警察问了半天,什么结果都得不出,只能无奈地离开。
肖牧夕找到爷爷的主治医生,“邓医生,我爷爷真的没办法完全康复吗?”
“我们会尽最大的努力让你爷爷康复。”邓医生是一名五十来岁的中年,微微有些秃头。
“可……”肖牧夕不知道怎么说。
“神经系统的损伤,在全球都是重大难题。你爷爷病情非常复杂,不仅中毒,还有中毒以及营养不良引起的器官衰竭等……”邓医生说道。“请放心,我们一定会努力。”
“中医有办法吗?”肖牧夕问道。
邓医生一愣,随后回答,“也许吧,不过中医跟我们检测手段差不多,只是治疗方式有一些细微区别。
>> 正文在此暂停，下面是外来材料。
lemma cop_coeff_mult_sigma_from_right:
  assumes "a \<noteq> 0" "b \<noteq> 0" "c \<noteq> 0" and "sum a UNIV + sum b UNIV + sum c UNIV = n"
  shows "cop_coeff b c * sigma_from n \<alpha> \<beta> (mono_of [a, b + c]) = - \<beta> (mono_of [a, b, c])"
proof -
  have bc: "b + c \<noteq> 0"
    using assms(2) by simp
  have deg: "sum a UNIV + sum (b + c) UNIV = n"
    using assms(4) by (simp only: sum_plus_fun add.assoc)
  show ?thesis
  proof (cases "2 \<le> sum a UNIV")
    case True
    obtain e r where er: "e + r = a" "e \<noteq> 0" "r \<noteq> 0"
      and sigma: "sigma_from n \<alpha> \<beta> (mono_of [a, b + c]) = - \<alpha> (mono_of [e, r, b + c]) / cop_coeff e r"
      using assms(1) bc deg True by (rule sigma_from_mono_of_left)
    have "cop_coeff b c * \<alpha> (mono_of [e, r, b + c]) = cop_coeff e r * \<beta> (mono_of [a, b, c])"
      using alpha_beta[of e r b c] er assms(2,3) by simp
    then show ?thesis
      by (simp add: sigma field_simps)
  next
    case False
    obtain e r where er: "e + r = b + c" "e \<noteq> 0" "r \<noteq> 0"
      and sigma: "sigma_from n \<alpha> \<beta> (mono_of [a, b + c]) = - \<beta> (mono_of [a, e, r]) / cop_coeff e r"
      using deg_ge_3 assms(1) bc deg False by (rule sigma_from_mono_of_right)
    have "cop_coeff e r * \<beta> (mono_of [a, b, c]) = cop_coeff b c * \<beta> (mono_of [a, e, r])"
      using assms(2,3) er by (intro beta_eq_if_same_sum) simp_all
    then show ?thesis
      by (simp add: sigma field_simps)
  qed
qed
(* Fix a class index $k$, an iteration $t$, data $S_1,\dots,S_N$, weights $r^{(t)}_{nk}\ge 0$, and a tuning parameter $\rho>0$. For a coefficient vector $\boldsymbol B_k\in\mathbb R^H$ let $\hat\mu^{(t)}_\phi(\boldsymbol B_k)$ be the solution $\mu$ of $$\sum_{n=1}^N r^{(t)}_{nk}\,L(S_n)\,\phi_\rho\Big(\log\mathrm{NHP}(S_n\mid\boldsymbol B_k)/L(S_n)-\mu\Big)=0.$$ Then the gradient $\varrho^{(t)}_k:=\frac{\partial\hat\mu^{(t)}_\phi(\boldsymbol B_k)}{\partial\boldsymbol B_k}\Big|_{\boldsymbol B_k^{(t-1)}}$ equals $$\sum_{n=1}^N\frac{r^{(t)}_{nk}w^{(t)}_{nk}}{\sum_{n'=1}^N r^{(t)}_{n'k}w^{(t)}_{n'k}L(S_{n'})}\cdot\frac{\partial\log\mathrm{NHP}(S_n\mid\boldsymbol B_k)}{\partial\boldsymbol B_k}\Big|_{\boldsymbol B_k^{(t-1)}},$$ where $w^{(t)}_{nk}=\phi_\rho'\Big(\log\mathrm{NHP}(S_n\mid\boldsymbol B^{(t-1)}_k)/L(S_n)-\hat\mu^{(t)}_\phi(\boldsymbol B^{(t-1)}_k)\Big)$.
   Context: Event streams are observed over $L(S)$ periods of length $T$. Given periodic basis functions $\kappa_1,\dots,\kappa_H$ on $[0,T]$ (extended $T$-periodically) and $\boldsymbol B_k=(b_{k,1},\dots,b_{k,H})$, set $\lambda_k(t)=\sum_h b_{k,h}\kappa_h(t)$ and, for $S=(t_1,\dots,t_M)$, $\mathrm{NHP}(S\mid\boldsymbol B_k)=\prod_i\lambda_k(t_i)\exp\big(-\int_0^{L(S)T}\lambda_k(t)dt\big)$. The Catoni-type influence function is $\phi(x)=\log(1+x+x^2/2)$ for $0\le x\le 2$, $\phi(x)=\frac{0.032}{9}(x-9.5)^3+1.5+\log 5$ for $2<x\le 9.5$, $\phi(x)=1.5+\log 5$ for $x>9.5$, and $\phi(x)=-\phi(-x)$ for $x<0$; $\phi_\rho(x):=\rho^{-1}\phi(\rho x)$. *)

theory Defs
  imports "HOL-Analysis.Analysis"
begin

definition per_ext :: "real \<Rightarrow> (real \<Rightarrow> real) \<Rightarrow> real \<Rightarrow> real" where
  "per_ext T f t = f (T * frac (t / T))"

definition lam :: "('h::finite \<Rightarrow> real \<Rightarrow> real) \<Rightarrow> real \<Rightarrow> real^'h \<Rightarrow> real \<Rightarrow> real" where
  "lam \<kappa> T B t = (\<Sum>h\<in>UNIV. B $ h * per_ext T (\<kappa> h) t)"

text \<open>NHP likelihood of an event sequence S (list of event times) observed over L(S) periods.\<close>
definition NHP :: "('h::finite \<Rightarrow> real \<Rightarrow> real) \<Rightarrow> real \<Rightarrow> (real list \<Rightarrow> nat)
    \<Rightarrow> real list \<Rightarrow> real^'h \<Rightarrow> real" where
  "NHP \<kappa> T L S B =
     (\<Prod>t\<leftarrow>S. lam \<kappa> T B t) * exp (- integral {0 .. real (L S) * T} (lam \<kappa> T B))"

text \<open>Catoni-type influence function.\<close>
definition phi :: "real \<Rightarrow> real" where
  "phi x = (if 0 \<le> x then
              (if x \<le> 2 then ln (1 + x + x\<^sup>2 / 2)
               else if x \<le> 9.5 then 0.032 / 9 * (x - 9.5) ^ 3 + 1.5 + ln 5
               else 1.5 + ln 5)
            else
              - (if - x \<le> 2 then ln (1 + (- x) + (- x)\<^sup>2 / 2)
                 else if - x \<le> 9.5 then 0.032 / 9 * ((- x) - 9.5) ^ 3 + 1.5 + ln 5
                 else 1.5 + ln 5))"

definition phi_rho :: "real \<Rightarrow> real \<Rightarrow> real" where
  "phi_rho \<rho> x = phi (\<rho> * x) / \<rho>"

definition est_eq :: "('h::finite \<Rightarrow> real \<Rightarrow> real) \<Rightarrow> real \<Rightarrow> (real list \<Rightarrow> nat)
    \<Rightarrow> nat \<Rightarrow> (nat \<Rightarrow> real list) \<Rightarrow> (nat \<Rightarrow> real) \<Rightarrow> real \<Rightarrow> real^'h \<Rightarrow> real \<Rightarrow> real" where
  "est_eq \<kappa> T L N S r \<rho> B \<mu> =
     (\<Sum>n = 1..N. r n * real (L (S n)) *
        phi_rho \<rho> (ln (NHP \<kappa> T L (S n) B) / real (L (S n)) - \<mu>))"

definition mu_hat :: "('h::finite \<Rightarrow> real \<Rightarrow> real) \<Rightarrow> real \<Rightarrow> (real list \<Rightarrow> nat)
    \<Rightarrow> nat \<Rightarrow> (nat \<Rightarrow> real list) \<Rightarrow> (nat \<Rightarrow> real) \<Rightarrow> real \<Rightarrow> real^'h \<Rightarrow> real" where
  "mu_hat \<kappa> T L N S r \<rho> B = (THE \<mu>. est_eq \<kappa> T L N S r \<rho> B \<mu> = 0)"

end

(* Only differentiability of phi is available (its pieces glue with matching derivatives at
   0, 2 and 9.5), not continuity of its derivative, so the C^1 implicit function theorem does
   not apply directly. Instead: the mu-derivative -D of the estimating equation at B0 is
   nonzero, so the equation changes sign around mu(B0), and by the intermediate value theorem
   and local uniqueness the root mu(B) is continuous at B0. Writing
   phi_rho z - phi_rho z_n = Q_n(z) (z - z_n) with Caratheodory slopes Q_n continuous at z_n,
   the difference of the equations at B and at B0 gives the exact identity
     mu(B) - mu(B0) = sum_n K_n(B) (g_n(B) - g_n(B0)),   K_n(B) --> r_n w_n / D,
   with g_n = log NHP(S_n | .); a factor tending to a limit times a differentiable function
   vanishing at B0 is differentiable, with the limit as coefficient. *)

theory Submission
  imports Defs
begin

lemma has_real_derivative_glue:
  fixes f g h :: "real \<Rightarrow> real"
  assumes g: "(g has_real_derivative d) (at x)" and h: "(h has_real_derivative d) (at x)"
    and "\<delta> > 0"
    and left: "\<And>y. x - \<delta> < y \<Longrightarrow> y \<le> x \<Longrightarrow> f y = g y"
    and right: "\<And>y. x \<le> y \<Longrightarrow> y < x + \<delta> \<Longrightarrow> f y = h y"
  shows "(f has_real_derivative d) (at x)"
proof -
  have "(f has_real_derivative d) (at x within {..x})"
    by (rule has_field_derivative_transform_within[OF has_field_derivative_at_within[OF g]
          \<open>\<delta> > 0\<close>])
       (auto simp: left dist_real_def)
  moreover have "(f has_real_derivative d) (at x within {x..})"
    by (rule has_field_derivative_transform_within[OF has_field_derivative_at_within[OF h]
          \<open>\<delta> > 0\<close>])
       (auto simp: right dist_real_def)
  ultimately have "((\<lambda>y. (f y - f x) / (y - x)) \<longlongrightarrow> d) (at x within {..x} \<union> {x..})"
    unfolding has_field_derivative_iff at_within_union by (rule filterlim_sup)
  moreover have "{..x} \<union> {x..} = UNIV" by auto
  ultimately show ?thesis by (simp add: has_field_derivative_iff)
qed

definition phi_log :: "real \<Rightarrow> real" where
  "phi_log y = ln (1 + y + y\<^sup>2 / 2)"

definition phi_cubic :: "real \<Rightarrow> real" where
  "phi_cubic y = 0.032 / 9 * (y - 9.5) ^ 3 + 1.5 + ln 5"

lemma phi_odd: "phi (- x) = - phi x"
  unfolding phi_def by (cases "x < 0") (simp_all add: not_less)

lemma phi_nonneg_eq:
  "0 \<le> x \<Longrightarrow>
    phi x = (if x \<le> 2 then phi_log x else if x \<le> 9.5 then phi_cubic x else 1.5 + ln 5)"
  unfolding phi_def phi_log_def phi_cubic_def by simp

lemma phi_log_has_real_derivative:
  "(phi_log has_real_derivative (1 + y) / (1 + y + y\<^sup>2 / 2)) (at y)"
proof -
  have "1 + y + y\<^sup>2 / 2 = ((y + 1)\<^sup>2 + 1) / 2"
    by (simp add: power2_eq_square field_simps)
  also have "\<dots> > 0"
    by (simp add: add_nonneg_pos)
  finally show ?thesis
    unfolding phi_log_def by (auto intro!: derivative_eq_intros simp: power2_eq_square field_simps)
qed

lemma phi_cubic_has_real_derivative:
  "(phi_cubic has_real_derivative 0.032 / 9 * (3 * (y - 9.5)\<^sup>2)) (at y)"
  unfolding phi_cubic_def by (auto intro!: derivative_eq_intros simp: power2_eq_square)

lemma phi_differentiable_pos:
  assumes "x > 0"
  shows "phi differentiable (at x)"
proof -
  consider "x < 2" | "x = 2" | "2 < x" "x < 9.5" | "x = 9.5" | "x > 9.5" by linarith
  then have "\<exists>d. (phi has_real_derivative d) (at x)"
  proof cases
    case 1
    show ?thesis
      by (rule exI, rule has_field_derivative_transform_within_open[OF phi_log_has_real_derivative,
            of "{0<..<2}"]) (use 1 assms in \<open>auto simp: phi_nonneg_eq\<close>)
  next
    case 2
    have "(phi_log has_real_derivative 3/5) (at 2)" "(phi_cubic has_real_derivative 3/5) (at 2)"
      using phi_log_has_real_derivative[of 2] phi_cubic_has_real_derivative[of 2]
      by (simp_all add: power2_eq_square)
    then have "(phi has_real_derivative 3/5) (at 2)"
      by (rule has_real_derivative_glue[where \<delta>=1])
         (simp_all add: phi_nonneg_eq phi_log_def phi_cubic_def power2_eq_square power3_eq_cube)
    then show ?thesis using 2 by auto
  next
    case 3
    show ?thesis
      by (rule exI, rule has_field_derivative_transform_within_open[OF phi_cubic_has_real_derivative,
            of "{2<..<9.5}"]) (use 3 in \<open>auto simp: phi_nonneg_eq\<close>)
  next
    case 4
    have "(phi_cubic has_real_derivative 0) (at 9.5)"
      using phi_cubic_has_real_derivative[of "9.5"] by simp
    then have "(phi has_real_derivative 0) (at 9.5)"
      by (rule has_real_derivative_glue[OF _ DERIV_const[of "1.5 + ln 5"], where \<delta>=1])
         (simp_all add: phi_nonneg_eq phi_cubic_def)
    then show ?thesis using 4 by blast
  next
    case 5
    show ?thesis
      by (rule exI, rule has_field_derivative_transform_within_open[OF DERIV_const, of "{9.5<..}"])
         (use 5 in \<open>auto simp: phi_nonneg_eq\<close>)
  qed
  then show ?thesis by (simp add: real_differentiable_def)
qed

lemma has_real_derivative_odd_reflection:
  assumes "(f has_real_derivative d) (at (- y))"
  shows "((\<lambda>y. - f (- y)) has_real_derivative d) (at y)"
  using DERIV_minus[OF DERIV_chain2[OF assms DERIV_minus[OF DERIV_ident]]] by simp
(* Let $T$ be a positive integer, let $N=(N_l)_{0\le l\le T}$ satisfy $N_0=0$ with increments $N_{l+1}-N_l$ independent Poisson random variables with parameters $\gamma_l\ge0$, $0\le l\le T-1$, let $\mathfrak{F}=(\mathfrak{F}_k)$ be the natural augmented filtration of $N$, $I_k=I_0(-1)^{N_k}$ with $I_0\in\{-1,1\}$ deterministic, and for $1\le l\le T$ let $u_l=\frac12(1+e^{-2\gamma_{l-1}})$, $v_l=\frac12(1-e^{-2\gamma_{l-1}})$. For $0\le k\le T$ define $$Q_k=\sup_{\tau\in\mathcal{T}^k}\mathbb{E}_k\Big[\sum_{\ell=k+1}^{T}\big(\mathbf{1}_{I_\ell=-1}-\mathbf{1}_{I_\ell=1}\big)\mathbf{1}_{\ell\le\tau}\Big],$$ where $\mathcal{T}^k$ is the set of $\mathfrak{F}$-stopping times with values in $\{k,\dots,T\}$. Then $Q_k=Q(k,I_k)$, where $Q:\{0,\dots,T\}\times\{1,-1\}\to\mathbb{R}$ is given by $Q(T,\pm1)=0$ and, for $0\le k<T$, $$Q(k,-1)=e^{-2\gamma_k}+v_{k+1}Q(k+1,1)+u_{k+1}Q(k+1,-1)>0,$$ $$Q(k,1)=\max\big(0,\,-e^{-2\gamma_k}+u_{k+1}Q(k+1,1)+v_{k+1}Q(k+1,-1)\big).$$
   Context: $\mathbb{E}_k$ denotes conditional expectation given $\mathfrak{F}_k$. *)

theory Defs
  imports "HOL-Probability.Probability"
begin

definition nat_gen_sets :: "'a measure \<Rightarrow> (nat \<Rightarrow> 'a \<Rightarrow> int) \<Rightarrow> nat \<Rightarrow> nat \<Rightarrow> 'a set set" where
  "nat_gen_sets M N T k =
     sets (sigma (space M) {{\<omega> \<in> space M. N j \<omega> = n} | j n. j \<le> min k T})"

definition aug_nat_filtration :: "'a measure \<Rightarrow> (nat \<Rightarrow> 'a \<Rightarrow> int) \<Rightarrow> nat \<Rightarrow> nat \<Rightarrow> 'a measure" where
  "aug_nat_filtration M N T k =
     sigma (space M)
       {A \<in> sets M. \<exists>B \<in> nat_gen_sets M N T k. \<exists>C \<in> null_sets M. (A - B) \<union> (B - A) \<subseteq> C}"

definition is_ess_sup :: "'a measure \<Rightarrow> ('a \<Rightarrow> real) set \<Rightarrow> ('a \<Rightarrow> real) \<Rightarrow> bool" where
  "is_ess_sup M Xs Y \<longleftrightarrow>
     Y \<in> borel_measurable M \<and>
     (\<forall>X \<in> Xs. AE \<omega> in M. X \<omega> \<le> Y \<omega>) \<and>
     (\<forall>Z \<in> borel_measurable M. (\<forall>X \<in> Xs. AE \<omega> in M. X \<omega> \<le> Z \<omega>) \<longrightarrow> (AE \<omega> in M. Y \<omega> \<le> Z \<omega>))"

definition u_coef :: "(nat \<Rightarrow> real) \<Rightarrow> nat \<Rightarrow> real" where
  "u_coef \<gamma> l = (1 + exp (- 2 * \<gamma> (l - 1))) / 2"

definition v_coef :: "(nat \<Rightarrow> real) \<Rightarrow> nat \<Rightarrow> real" where
  "v_coef \<gamma> l = (1 - exp (- 2 * \<gamma> (l - 1))) / 2"

function Qfun :: "(nat \<Rightarrow> real) \<Rightarrow> nat \<Rightarrow> nat \<Rightarrow> int \<Rightarrow> real" where
  "Qfun \<gamma> T k i =
     (if T \<le> k then 0
      else if i = -1 then
        exp (- 2 * \<gamma> k) + v_coef \<gamma> (Suc k) * Qfun \<gamma> T (Suc k) 1
          + u_coef \<gamma> (Suc k) * Qfun \<gamma> T (Suc k) (-1)
      else
        max 0 (- exp (- 2 * \<gamma> k) + u_coef \<gamma> (Suc k) * Qfun \<gamma> T (Suc k) 1
          + v_coef \<gamma> (Suc k) * Qfun \<gamma> T (Suc k) (-1)))"
  by pat_completeness auto
termination by (relation "Wellfounded.measure (\<lambda>(\<gamma>, T, k, i). T - k)") auto

end

(* Conditionally on F_k, the increment N_(k+1) - N_k is independent of F_k, so the next
   state I_(k+1) equals I_k with probability u_(k+1) (an even number of jumps) and -I_k
   with probability v_(k+1); for a Poisson variable with parameter g the probability of
   being even is (1 + exp (-2 g)) / 2.  Hence Q satisfies the Bellman equation
   Q(k,i) = max 0 (u (r i + Q(k+1,i)) + v (r (-i) + Q(k+1,-i))) with running reward
   r i = 1_(i = -1) - 1_(i = 1).  Backward induction on k then shows that the integral of
   the gain of any stopping time tau >= k over a set A in F_k is at most that of Q(k,I_k),
   with equality for the stopping time that stops as soon as Q vanishes.  So every
   conditional gain is a.s. below Q(k,I_k), and one of them equals it. *)

theory Submission
  imports Defs
begin

section \<open>Parity of a Poisson variable\<close>

lemma poisson_pmf_sums: "(\<lambda>n. exp (- g) * g ^ n / fact n) sums (1::real)"
proof -
  have "(\<lambda>n. exp (- g) * (g ^ n /\<^sub>R fact n)) sums (exp (- g) * exp g)"
    by (intro sums_mult exp_converges)
  then show ?thesis by (simp add: exp_minus divide_inverse mult_ac)
qed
如果是中风等病,中医的推拿,针灸有着很好的疗效。但是神经跟器官衰竭等……”
到现在,中医已经没落。
肖牧夕不相信,给姜继农打电话,却提示对方已关机。
气得肖牧夕直跺脚,骂姜继农混蛋。
她哪里想到,跟姜继农刚刚认识,即使她是美女,姜继农也有权利不理她。
她家的事本来就麻烦,一切事情都因为争遗产引起的。
姜继农恰恰又是一个怕麻烦的人。
出了医院,直接打车去姜继农家里找他。
姜继农无奈地看着眼前一边脸颊高高肿起,脖子上有着一些鲜红的抓痕,衣服被撕破的何艳。
这女人,神神秘秘地把自己叫出来,却不开口。
“姜哥,求求您帮帮忙!只要您去,我陪你多久都行!”何艳一脸的哀求,“您不去,我工作不仅得丢了,甚至都活不下去了……”
“郑锋知道吗?”姜继农突然有些心痛眼前这女人。
何艳在夜店干酒水促销。
酒水促销,不仅仅是买酒水。
昨晚郑锋找小姐被何艳抓奸,郑锋的话,就很能说明一些事情。
现在用身体做交易,求姜继农帮忙,更说明问题。
“姜哥,你放心,他就是知道了,也不会说什么!”何艳一脸悲哀地说道,“郑锋没有工作,我们没有存款,不工作,连饭都没得吃……”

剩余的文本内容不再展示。